- Pillow lavas, Nomira Location within Odisha
- Coordinates: 21°54′13.5″N 85°26′17.8″E﻿ / ﻿21.903750°N 85.438278°E
- Location: Nomira, Kendujhar district, Odisha, India

National Geological Monuments of India
- Official name: Pillow lavas, Iron ore belt, Nomira
- Designated: 1976
- Designated by: Geological Survey of India

= Pillow lavas, Nomira =

Geological formation in Odisha, India

Pillow lavas at Nomira is a geological formation in the iron ore mining belt in Kendujhar district of the Indian state of Odisha. It was notified as a National Geological Monument by the Geological Survey of India in 1976.

==Geography==
The geological formation is located on a 500 m high low-lying hill in Kendujhar district, Odisha. The geological site, spread over 2.5 acres, was notified as a National Geological Monument by the Geological Survey of India in 1976.

==Geology==
The generalised stratigraphy of the region comprises Craton Cover sequences, including the Kolhan Group (~200 Ma), the Singhbhum Batholith (3.1–3.3 Ga), the Keonjhar-Bhaunra Pluton (~3.29 Ga), the Iron Ore Group (~3.51 Ga), consisting of tuff, dolomite, basalt, dacite, and rhyolite, and the older Old Metamorphic Group (>3.6 Ga), including tonalite gneiss.

Pillow lavas at Nomira are a well-preserved exposure of volcanic formations on the face of the low hillock in the Iron Ore Group. It provides geological evidence of Archean submarine volcanism and represents one of the oldest greenstone sequences in India. The pillow structures are formed from Archean basaltic volcanic rocks. The pillows are nearly spherical and closely packed, measuring up to 2 × 0.6 m. The lavas and associated pyroclastic tuffs are surrounded by shale, chert-shale and banded hematite-jasper, while quartzite occurs within the sequence. Lineations and scrape marks may also occur on the sides of the pillows.

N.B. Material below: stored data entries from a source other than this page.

(* Let an FCA with state set $S$, neighborhood $m=l+1+r$, local rule $f$ and boundary type $b\in\{\text{null},\text{periodic}\}$ be given, and let $G$ be its reversibility graph. Suppose $N$ is a negative vertex of $G$ with value $k\ge1$ and two circuits of lengths $r_1,r_2$ pass through $N$, with $\gcd(r_1,r_2)=1$. Then the FCA is not $n$-cell-reversible for every integer $n>k+r_1r_2-r_1-r_2$.
   Context: A one-dimensional finite cellular automaton (FCA) is given by a state set $S=\{0,1,\dots,s-1\}$, integers $l,r\ge 0$ with neighborhood size $m=l+1+r\ge 2$, a local rule $f:S^m\to S$, and a boundary type $b\in\{\text{null},\text{periodic}\}$. For $n\ge 1$ the global map $\tau_n:S^n\to S^n$ sends $(x_0,\dots,x_{n-1})$ to $(y_0,\dots,y_{n-1})$ with $y_i=f(x_{i-l},\dots,x_{i+r})$, where for the null boundary $x_j=0$ whenever $j<0$ or $j>n-1$, and for the periodic boundary indices are taken modulo $n$. The FCA is $n$-cell-reversible if $\tau_n$ is a bijection (equivalently, since $S^n$ is finite, surjective). Reversibility graph (RG). Null boundary: vertices are subsets of $S^{m-1}$; the root is $N_0=\{(a_1,\dots,a_{m-1})\in S^{m-1}: a_1=\dots=a_l=0\}$; the acceptance set is $R=\{(a_1,\dots,a_{m-1})\in S^{m-1}: a_{m-r}=\dots=a_{m-1}=0\}$ (so $R=S^{m-1}$ if $r=0$); for a subset $N$ and $c\in S$, $\delta(N,c)=\{(a_1,\dots,a_{m-1})\in S^{m-1}:\exists a_0\in S,\ (a_0,\dots,a_{m-2})\in N,\ f(a_0,a_1,\dots,a_{m-1})=c\}$. Periodic boundary: vertices are subsets of $S^{m-1}\times S^{m-1}$; the root and the acceptance set are $N_0=R=\{(a,a):a\in S^{m-1}\}$; $\delta(N,c)=\{((a_1,\dots,a_{m-1}),(b_1,\dots,b_{m-1})):\exists b_0\in S,\ ((a_1,\dots,a_{m-1}),(b_0,\dots,b_{m-2}))\in N,\ f(b_0,\dots,b_{m-1})=c\}$. In both cases the RG is the directed graph whose vertex set consists of all subsets obtainable from $N_0$ by repeatedly applying $\delta$ (including $N_0$; equal subsets are the same vertex; the empty set may occur), with, for each vertex $N$ and each $c\in S$, an edge labelled $c$ from $N$ to $\delta(N,c)$. The value of a vertex $N$ is the length of a shortest directed path from $N_0$ to $N$. A vertex $N$ is negative if $N\cap R=\emptyset$. A circuit is an elementary directed cycle of the RG (a closed directed path with no repeated vertex other than its start = end; a loop is a circuit of length $1$); its length is its number of edges, and it passes through $N$ if $N$ is one of its vertices. *)

theory Defs
  imports Main
begin

datatype boundary = Null | Periodic

definition configs :: "nat \<Rightarrow> nat \<Rightarrow> nat list set" where
  "configs s n = {x. length x = n \<and> set x \<subseteq> {..<s}}"

definition cell :: "boundary \<Rightarrow> nat list \<Rightarrow> int \<Rightarrow> nat" where
  "cell b x j = (let n = int (length x) in
     (case b of Null \<Rightarrow> (if 0 \<le> j \<and> j < n then x ! nat j else 0)
              | Periodic \<Rightarrow> x ! nat (j mod n)))"

definition global_map :: "boundary \<Rightarrow> nat \<Rightarrow> nat \<Rightarrow> (nat list \<Rightarrow> nat) \<Rightarrow> nat list \<Rightarrow> nat list" where
  "global_map b l r f x =
     map (\<lambda>i. f (map (\<lambda>j. cell b x (int i + int j - int l)) [0..<l+1+r])) [0..<length x]"

definition n_cell_reversible :: "boundary \<Rightarrow> nat \<Rightarrow> nat \<Rightarrow> nat \<Rightarrow> (nat list \<Rightarrow> nat) \<Rightarrow> nat \<Rightarrow> bool" where
  "n_cell_reversible b s l r f n = bij_betw (global_map b l r f) (configs s n) (configs s n)"

definition local_rule :: "nat \<Rightarrow> nat \<Rightarrow> (nat list \<Rightarrow> nat) \<Rightarrow> bool" where
  "local_rule s m f = (\<forall>xs. length xs = m \<and> set xs \<subseteq> {..<s} \<longrightarrow> f xs < s)"

definition deltas :: "('a set \<Rightarrow> nat \<Rightarrow> 'a set) \<Rightarrow> 'a set \<Rightarrow> nat list \<Rightarrow> 'a set" where
  "deltas \<delta> N0 w = foldl \<delta> N0 w"

definition rg_vertices :: "nat \<Rightarrow> 'a set \<Rightarrow> ('a set \<Rightarrow> nat \<Rightarrow> 'a set) \<Rightarrow> 'a set set" where
  "rg_vertices s N0 \<delta> = {deltas \<delta> N0 w | w. set w \<subseteq> {..<s}}"

definition rg_value :: "nat \<Rightarrow> 'a set \<Rightarrow> ('a set \<Rightarrow> nat \<Rightarrow> 'a set) \<Rightarrow> 'a set \<Rightarrow> nat" where
  "rg_value s N0 \<delta> N = (LEAST k. \<exists>w. length w = k \<and> set w \<subseteq> {..<s} \<and> deltas \<delta> N0 w = N)"

definition rg_circuit :: "nat \<Rightarrow> ('a set \<Rightarrow> nat \<Rightarrow> 'a set) \<Rightarrow> 'a set \<Rightarrow> nat \<Rightarrow> bool" where
  "rg_circuit s \<delta> N L = (\<exists>vs. length vs = L \<and> L \<ge> 1 \<and> vs ! 0 = N \<and> distinct vs \<and>
      (\<forall>i<L. \<exists>c<s. \<delta> (vs ! i) c = vs ! ((i + 1) mod L)))"

definition neg_vertex_condition ::
  "nat \<Rightarrow> 'a set \<Rightarrow> 'a set \<Rightarrow> ('a set \<Rightarrow> nat \<Rightarrow> 'a set) \<Rightarrow> nat \<Rightarrow> nat \<Rightarrow> nat \<Rightarrow> bool" where
  "neg_vertex_condition s N0 R \<delta> k r1 r2 = (\<exists>N. N \<in> rg_vertices s N0 \<delta> \<and> N \<inter> R = {} \<and>
      rg_value s N0 \<delta> N = k \<and> rg_circuit s \<delta> N r1 \<and> rg_circuit s \<delta> N r2)"

definition tuples :: "nat \<Rightarrow> nat \<Rightarrow> nat list set" where
  "tuples s len = {a. length a = len \<and> set a \<subseteq> {..<s}}"

definition null_root :: "nat \<Rightarrow> nat \<Rightarrow> nat \<Rightarrow> nat list set" where
  "null_root s l r = {a \<in> tuples s (l + r). \<forall>x \<in> set (take l a). x = 0}"

definition null_accept :: "nat \<Rightarrow> nat \<Rightarrow> nat \<Rightarrow> nat list set" where
  "null_accept s l r = {a \<in> tuples s (l + r). \<forall>x \<in> set (drop l a). x = 0}"

definition null_delta :: "nat \<Rightarrow> nat \<Rightarrow> nat \<Rightarrow> (nat list \<Rightarrow> nat) \<Rightarrow> nat list set \<Rightarrow> nat \<Rightarrow> nat list set" where
  "null_delta s l r f N c = {a \<in> tuples s (l + r).
      \<exists>a0<s. (a0 # butlast a) \<in> N \<and> f (a0 # a) = c}"

definition per_root :: "nat \<Rightarrow> nat \<Rightarrow> nat \<Rightarrow> (nat list \<times> nat list) set" where
  "per_root s l r = {(a, a) | a. a \<in> tuples s (l + r)}"

definition per_delta :: "nat \<Rightarrow> nat \<Rightarrow> nat \<Rightarrow> (nat list \<Rightarrow> nat) \<Rightarrow>
    (nat list \<times> nat list) set \<Rightarrow> nat \<Rightarrow> (nat list \<times> nat list) set" where
  "per_delta s l r f N c = {(a, b). a \<in> tuples s (l + r) \<and> b \<in> tuples s (l + r) \<and>
      (\<exists>b0<s. (a, b0 # butlast b) \<in> N \<and> f (b0 # b) = c)}"

definition RG_condition :: "boundary \<Rightarrow> nat \<Rightarrow> nat \<Rightarrow> nat \<Rightarrow> (nat list \<Rightarrow> nat) \<Rightarrow> nat \<Rightarrow> nat \<Rightarrow> nat \<Rightarrow> bool" where
  "RG_condition b s l r f k r1 r2 = (case b of
      Null \<Rightarrow> neg_vertex_condition s (null_root s l r) (null_accept s l r) (null_delta s l r f) k r1 r2
    | Periodic \<Rightarrow> neg_vertex_condition s (per_root s l r) (per_root s l r) (per_delta s l r f) k r1 r2)"

end

theory Submission
  imports Defs
begin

The pillow lavas formed when hot basaltic lava was extruded underwater. The sudden contact with cold water caused the outer surface of the lava to cool rapidly and form a fine-grained, glassy crust, while the interior cooled more slowly. Slow extrusion allowed thick crusts to develop around individual lava lobes, producing the characteristic pillow-shaped structures. Successive pillows accumulated to form pillow flows, often producing steep-sided mounds or ridges.